Oh NOOOOO, it sounds bad!! We better watch what we say!!! PLEASE!! The anti's are coming, the anti's are coming.....give me a break!!! uke:


----------



## Csquared (Sep 5, 2006)

Jiffy, you seem to know alot about CA, based on one of your posts above.

Ask one of your "buddies" there if it matters if his "rifle" is called an assault weapon or not.

You may not like the taste of crow (although I'm guessing you're familiar with it), but suffice it to say, it does matter!

You can leave your head in the sand if you want. This IS America, and you're one who has personally helped to guarantee you can bury your head there if you want.

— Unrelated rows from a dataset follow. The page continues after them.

lemma finite_eigenvalues:
  assumes "finite V"
  shows "finite {\<mu>. is_eigenvalue V E \<mu>}"
proof -
  define L where "L = {\<mu>. is_eigenvalue V E \<mu>}"
  define vec where "vec \<mu> = (SOME x. is_eigenvector V E \<mu> x)" for \<mu>
  have vec: "is_eigenvector V E \<mu> (vec \<mu>)" if "\<mu> \<in> L" for \<mu>
    using that someI_ex[of "is_eigenvector V E \<mu>"] by (simp add: L_def vec_def is_eigenvalue_def)
  have "inj_on vec L"
    by (rule inj_onI) (metis vec eigenvector_eigenvalue_unique)
  moreover have "finite (vec ` L)"
  proof (rule finite_orthogonal_family[OF assms])
    show "\<And>f i. f \<in> vec ` L \<Longrightarrow> i \<notin> V \<Longrightarrow> f i = 0"
      and "\<And>f. f \<in> vec ` L \<Longrightarrow> \<exists>a\<in>V. f a \<noteq> 0"
      using vec by (auto simp: is_eigenvector_def)
    show "\<And>f g. f \<in> vec ` L \<Longrightarrow> g \<in> vec ` L \<Longrightarrow> f \<noteq> g \<Longrightarrow> (\<Sum>a\<in>V. f a * g a) = 0"
      using vec eigenvectors_orthogonal by blast
  qed
  ultimately show ?thesis
    unfolding L_def[symmetric] using finite_imageD by blast
qed

lemma rayleigh_le_spectral_radius:
  assumes "finite V"
  shows "bilinear_form V (adj_matrix E) z z \<le> spectral_radius V E * sum_sq V z"
proof (cases "V = {}")
  case True
  then show ?thesis by (simp add: bilinear_form_def sum_sq_def)
next
  case False
  obtain y where y_unit: "sum_sq V y = 1" and y_max:
    "\<And>z. bilinear_form V (adj_matrix E) z z \<le> bilinear_form V (adj_matrix E) y y * sum_sq V z"
    using rayleigh_maximizer_exists[OF assms False] by blast
  define \<mu> where "\<mu> = bilinear_form V (adj_matrix E) y y"
  have "\<forall>a\<in>V. (\<Sum>b\<in>V. adj_matrix E a b * y b) = \<mu> * y a"
    unfolding \<mu>_def
    by (rule rayleigh_maximizer_eigen[OF assms adj_matrix_commute y_max]) (simp add: y_unit)
  moreover have "\<exists>v\<in>V. y v \<noteq> 0"
    using y_unit sum_sq_eq_0_iff[OF assms, of y] by auto
  ultimately have "is_eigenvector V E \<mu> (\<lambda>a. if a \<in> V then y a else 0)"
    unfolding is_eigenvector_def by (simp cong: sum.cong)
  then have "\<mu> \<le> spectral_radius V E"
    unfolding spectral_radius_def
    by (intro Max_ge[OF finite_eigenvalues[OF assms]]) (auto simp: is_eigenvalue_def)
  then have "\<mu> * sum_sq V z \<le> spectral_radius V E * sum_sq V z"
    by (simp add: mult_right_mono sum_sq_nonneg)
  then show ?thesis
    using y_max[of z] unfolding \<mu>_def by linarith
qed

lemma rayleigh_ge_spectral_radius_imp_eigen:
  assumes "finite V"
    and "bilinear_form V (adj_matrix E) z z \<ge> spectral_radius V E * sum_sq V z"
  shows "\<forall>a\<in>V. (\<Sum>b\<in>V. adj_matrix E a b * z b) = spectral_radius V E * z a"
  by (rule rayleigh_maximizer_eigen[OF assms(1) adj_matrix_commute
        rayleigh_le_spectral_radius[OF assms(1)] assms(2)])

lemma perron_vector_rayleigh:
  assumes "perron_vector V E x"
  shows "bilinear_form V (adj_matrix E) x x = spectral_radius V E"
  using assms bilinear_form_eigen[of V "adj_matrix E" x "spectral_radius V E" x]
  by (simp add: perron_vector_def is_eigenvector_def power2_eq_square)

lemma perron_spectral_radius_nonneg:
  assumes "perron_vector V E x"
  shows "spectral_radius V E \<ge> 0"
proof -
  have "bilinear_form V (adj_matrix E) x x \<ge> 0"
    using assms unfolding bilinear_form_def adj_matrix_def perron_vector_def
    by (intro sum_nonneg) (auto intro!: mult_nonneg_nonneg less_imp_le)
  then show ?thesis using perron_vector_rayleigh[OF assms] by simp
qed

lemma adj_matrix_insert:
  "e \<notin> E \<Longrightarrow> adj_matrix (insert e E) a b = adj_matrix E a b + adj_matrix {e} a b"
  by (auto simp: adj_matrix_def)

lemma adj_matrix_remove:
  "e \<in> E \<Longrightarrow> adj_matrix (E - {e}) a b = adj_matrix E a b - adj_matrix {e} a b"
  by (auto simp: adj_matrix_def)

lemma adj_matrix_edge:
  "adj_matrix {{p, q}} a b = (if a = p \<and> b = q \<or> a = q \<and> b = p then 1 else 0)"
  by (auto simp: adj_matrix_def doubleton_eq_iff)

lemma bilinear_form_adj_edge:
  assumes "finite S" "p \<in> S" "q \<in> S" "p \<noteq> q"
  shows "bilinear_form S (adj_matrix {{p, q}}) x x = 2 * x p * x q"
proof -
  have "adj_matrix {{p, q}} a b * x a * x b =
      (if b = q then if a = p then x p * x q else 0 else 0)
      + (if b = p then if a = q then x p * x q else 0 else 0)" for a b
    using assms(4) by (auto simp: adj_matrix_edge)
  then show ?thesis
    using assms by (simp add: bilinear_form_def sum.distrib)
qed

lemma adj_matrix_edge_row:
  assumes "finite S" "q \<in> S" "p \<noteq> q"
  shows "(\<Sum>b\<in>S. adj_matrix {{p, q}} p b * x b) = x q"
proof -
  have "(\<Sum>b\<in>S. adj_matrix {{p, q}} p b * x b) = (\<Sum>b\<in>S. if b = q then x q else 0)"
    using assms(3) by (intro sum.cong refl) (auto simp: adj_matrix_edge)
  then show ?thesis using assms by simp
qed

section \<open>Edge rotation and the spectral radius\<close>

definition rotate_edge :: "nat set set \<Rightarrow> nat \<Rightarrow> nat \<Rightarrow> nat \<Rightarrow> nat set set" where
  "rotate_edge E w v u = insert {w, u} (E - {{w, v}})"

text \<open>Rotating \<open>wv\<close> away may leave \<open>v\<close> isolated, so the rotated graph is taken on the
  non-isolated vertices.\<close>

definition nonisolated_vertices :: "nat set \<Rightarrow> nat set set \<Rightarrow> nat set" where
  "nonisolated_vertices V E = {a \<in> V. \<exists>e\<in>E. a \<in> e}"

lemma simple_graph_edgeD:
  assumes "simple_graph V E" "{a, b} \<in> E"
  shows "a \<in> V" "b \<in> V" "a \<noteq> b"
proof -
  obtain p q where "{a, b} = {p, q}" "p \<noteq> q" "p \<in> V" "q \<in> V"
    using assms by (auto simp: simple_graph_def)
  then show "a \<in> V" "b \<in> V" "a \<noteq> b"
    by (auto simp: doubleton_eq_iff)
qed

lemma adj_matrix_rotate_edge:
  assumes "{w, v} \<in> E" "{w, u} \<notin> E"
  shows "adj_matrix (rotate_edge E w v u) a b
    = adj_matrix E a b - adj_matrix {{w, v}} a b + adj_matrix {{w, u}} a b"
proof -
  have "adj_matrix (rotate_edge E w v u) a b = adj_matrix (E - {{w, v}}) a b + adj_matrix {{w, u}} a b"
    unfolding rotate_edge_def by (rule adj_matrix_insert) (use assms(2) in simp)
  then show ?thesis using adj_matrix_remove[OF assms(1)] by simp
qed

lemma bilinear_form_rotate_edge:
  assumes G: "simple_graph V E" and "{w, v} \<in> E" "{w, u} \<notin> E" "u \<in> V" "u \<noteq> w"
  shows "bilinear_form V (adj_matrix (rotate_edge E w v u)) x x
    = bilinear_form V (adj_matrix E) x x + 2 * x w * (x u - x v)"
proof -
  have "adj_matrix (rotate_edge E w v u)
      = (\<lambda>a b. adj_matrix E a b - adj_matrix {{w, v}} a b + adj_matrix {{w, u}} a b)"
    using adj_matrix_rotate_edge[OF assms(2,3)] by blast
  moreover have "finite V" using G by (simp add: simple_graph_def)
  ultimately show ?thesis
    using assms simple_graph_edgeD[OF G assms(2)]
    by (simp add: bilinear_form_add bilinear_form_diff bilinear_form_adj_edge algebra_simps)
qed

lemma adj_matrix_rotate_edge_row:
  assumes G: "simple_graph V E" and "{w, v} \<in> E" "{w, u} \<notin> E" "u \<noteq> w"
  shows "(\<Sum>b\<in>V. adj_matrix (rotate_edge E w v u) u b * x b)
    = (\<Sum>b\<in>V. adj_matrix E u b * x b) + x w"
proof -
  have "u \<noteq> v" "w \<in> V" "finite V"
    using assms simple_graph_edgeD[OF G assms(2)] by (auto simp: simple_graph_def)
  then have "adj_matrix (rotate_edge E w v u) u b = adj_matrix E u b + adj_matrix {{u, w}} u b" for b
    using assms by (simp add: adj_matrix_rotate_edge adj_matrix_edge insert_commute)
  then show ?thesis
    using assms \<open>w \<in> V\<close> \<open>finite V\<close> adj_matrix_edge_row[of V w u x]
    by (simp add: algebra_simps sum.distrib)
qed

lemma bilinear_form_nonisolated:
  assumes "finite V"
  shows "bilinear_form (nonisolated_vertices V E) (adj_matrix E) x y = bilinear_form V (adj_matrix E) x y"
  using assms
  by (intro bilinear_form_mono_neutral) (auto simp: nonisolated_vertices_def adj_matrix_def)

lemma adj_matrix_row_nonisolated:
  assumes "finite V"
  shows "(\<Sum>b\<in>nonisolated_vertices V E. adj_matrix E a b * x b) = (\<Sum>b\<in>V. adj_matrix E a b * x b)"
  using assms
  by (intro sum.mono_neutral_left) (auto simp: nonisolated_vertices_def adj_matrix_def)

text \<open>Rotating \<open>wv\<close> to \<open>wu\<close> with \<open>x\<^sub>v \<le> x\<^sub>u\<close> does not decrease the Rayleigh quotient of
  the Perron vector \<open>x\<close>; equal spectral radii would make \<open>x\<close> an eigenvector of the new graph,
  but its row at \<open>u\<close> has gained \<open>x\<^sub>w > 0\<close>.\<close>

lemma spectral_radius_rotate_edge_less:
  assumes G: "simple_graph V E" and x: "perron_vector V E x"
    and wv: "{w, v} \<in> E" and wu: "{w, u} \<notin> E" "u \<in> V" "u \<noteq> w" and "x v \<le> x u"
  defines "E' \<equiv> rotate_edge E w v u"
  shows "spectral_radius V E < spectral_radius (nonisolated_vertices V E') E'"
proof -
  define V' where "V' = nonisolated_vertices V E'"
  define \<rho> where "\<rho> = spectral_radius V E"
  define \<rho>' where "\<rho>' = spectral_radius V' E'"
  have fin: "finite V" and "V' \<subseteq> V" "u \<in> V'"
    using G wu by (auto simp: simple_graph_def V'_def nonisolated_vertices_def E'_def rotate_edge_def)
  have w: "w \<in> V" "x w > 0"
    using simple_graph_edgeD[OF G wv] x by (auto simp: perron_vector_def)
  have "x u > 0" using x wu by (simp add: perron_vector_def)
  have "sum_sq V' x \<le> sum_sq V x"
    unfolding sum_sq_def using fin \<open>V' \<subseteq> V\<close> by (intro sum_mono2) auto
  also have "\<dots> = 1" using x by (simp add: perron_vector_def sum_sq_def)
  finally have "sum_sq V' x \<le> 1" .
  have row: "(\<Sum>b\<in>V'. adj_matrix E' u b * x b) = \<rho> * x u + x w"
    using adj_matrix_row_nonisolated[OF fin, of E' u x] adj_matrix_rotate_edge_row[OF G wv wu(1,3)]
      x wu(2) unfolding V'_def E'_def \<rho>_def
    by (simp add: perron_vector_def is_eigenvector_def)
  have "\<not> \<rho>' \<le> \<rho>"
  proof
    assume "\<rho>' \<le> \<rho>"
    then have "\<rho>' * sum_sq V' x \<le> \<rho>"
      using \<open>sum_sq V' x \<le> 1\<close> perron_spectral_radius_nonneg[OF x] sum_sq_nonneg[of V' x]
      unfolding \<rho>_def by (meson mult_left_le mult_right_mono order_trans)
    also have "\<rho> \<le> bilinear_form V' (adj_matrix E') x x"
      using bilinear_form_rotate_edge[OF G wv wu, of x] bilinear_form_nonisolated[OF fin, of E' x x]
        perron_vector_rayleigh[OF x] w \<open>x v \<le> x u\<close>
      by (simp add: \<rho>_def V'_def E'_def)
    finally have "(\<Sum>b\<in>V'. adj_matrix E' u b * x b) = \<rho>' * x u"
      using rayleigh_ge_spectral_radius_imp_eigen[of V' E' x] fin \<open>V' \<subseteq> V\<close> \<open>u \<in> V'\<close>
      unfolding \<rho>'_def by (meson finite_subset)
    moreover have "\<rho>' * x u \<le> \<rho> * x u"
      using \<open>\<rho>' \<le> \<rho>\<close> \<open>x u > 0\<close> by simp
    ultimately show False using row w by linarith
  qed
  then show ?thesis by (simp add: \<rho>_def \<rho>'_def V'_def)
qed

section \<open>Edge rotation and admissibility\<close>

lemma simple_graph_finite_edges:
  assumes "simple_graph V E"
  shows "finite E"
proof (rule finite_subset)
  show "E \<subseteq> Pow V" using assms by (auto simp: simple_graph_def)
  show "finite (Pow V)" using assms by (simp add: simple_graph_def)
qed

20 years ago people in Australia, England, and even CA would be laughing right along with you.........BUT THEY'RE NOT LAUGHING NOW!!

We can be proud and strong at the same time we are being smart and aware. Our gun rights at some point WILL be held in the hands of people who don't personally own guns. I feel very strongly it DOES matter what their opinions are about our guns, and how we refer to them WILL affect that opinion.

Danimal, if one of Jiffy's buddies in CA would show me how.....I'd kiss you right now! I was thinking tonight would be a good time to wrap this up with my final thoughts, BUT YOU ALREADY DID IT BETTER THAN I COULD'VE!

Thanks to ALL for the input!


----------



## Jiffy (Apr 22, 2005)

Did I mention the sky was falling.......... :lol: :lol:


----------



## M*F (Nov 3, 2006)

Danimal and csquared- I couldnt agree with you more. just recently I've realized how much trouble we (oudoorsman) are in. Our hunting, trapping, fishing regulations are getting more restricting every year. State after state are getting stripped of their hunting and trapping rights. I like to hunt, I trap fulltime, if I have to be careful of what I say to ensure my right to do so, that is an extremely small price to pay.


----------



## Hellraiser8311 (Nov 28, 2006)

Jiffy said:


> It's a weapon anyway you want to look at it. Go ahead and "sugar coat" it if you like. I don't "sugar coat" anything to make it look better. I was taught it was a weapon and I'm going to call it a weapon. End of story.......
> 
> I do however call my weapons rifles, shotguns, and handguns from time to time......they are still weapons though...... :wink: :beer:


I wouldn't label it a weapon if your going to use it in that sense. Yes a rifle, shotgun, or handgun can easily end someone's life. However, if you use your "weapon" in a safe and mature manner I see no reason in labeling it a weapon. A bat can be a "weapon" if placed in the wrong person's hands. If you lose all sense of saftey just to show off for friends or what have you, then yes I would then consider the firearm a weapon. I'm twenty-one years old and I have honestly never loaded my rifle until I was seated and ready to hunt in my climber. I wouldn't consider my rifle a weapon at this point because I'm practicing saftey 160%. If your out with a buddy hunting and he's telling a story and waving his rifle around, I would be the first to tell him what he's doing wrong. If he got careless like that, then again yes the rifle is a weapon and can do great harm, even by accident.


----------



## ZANDER12 (Oct 13, 2006)

Um Cain killed Abel with a freakin stick in the bible! You can use anything as a "Weapon" I mean, weapons have been around before guns! I mean, eveything can e used as a weapon! Guns just are easier to use as a weapon than other stuff! So weapon, gun call it what you like. But when me and my son are shooting at the range, I don't say, "Safty your weapon" or "Is this weapon loaded?" I say "Safty the rifle" and "i sthis rifle loaded?" I think that it could also get confusing when you are with someone on a hunt, and you each have a knife and a bow, and you say "Thats a nice weapon." You have to say, "Thats a nice bow." I really think that if you are around people that think a duck gun is a "weapon" you probly shouldn't be talking about them at all! 
Well thats my take on it


----------



## ADN (Sep 27, 2005)

It is all in what you use it for. A hammer is a tool until you use it to kill someone. A vase is a decoration until you use it to kill someone.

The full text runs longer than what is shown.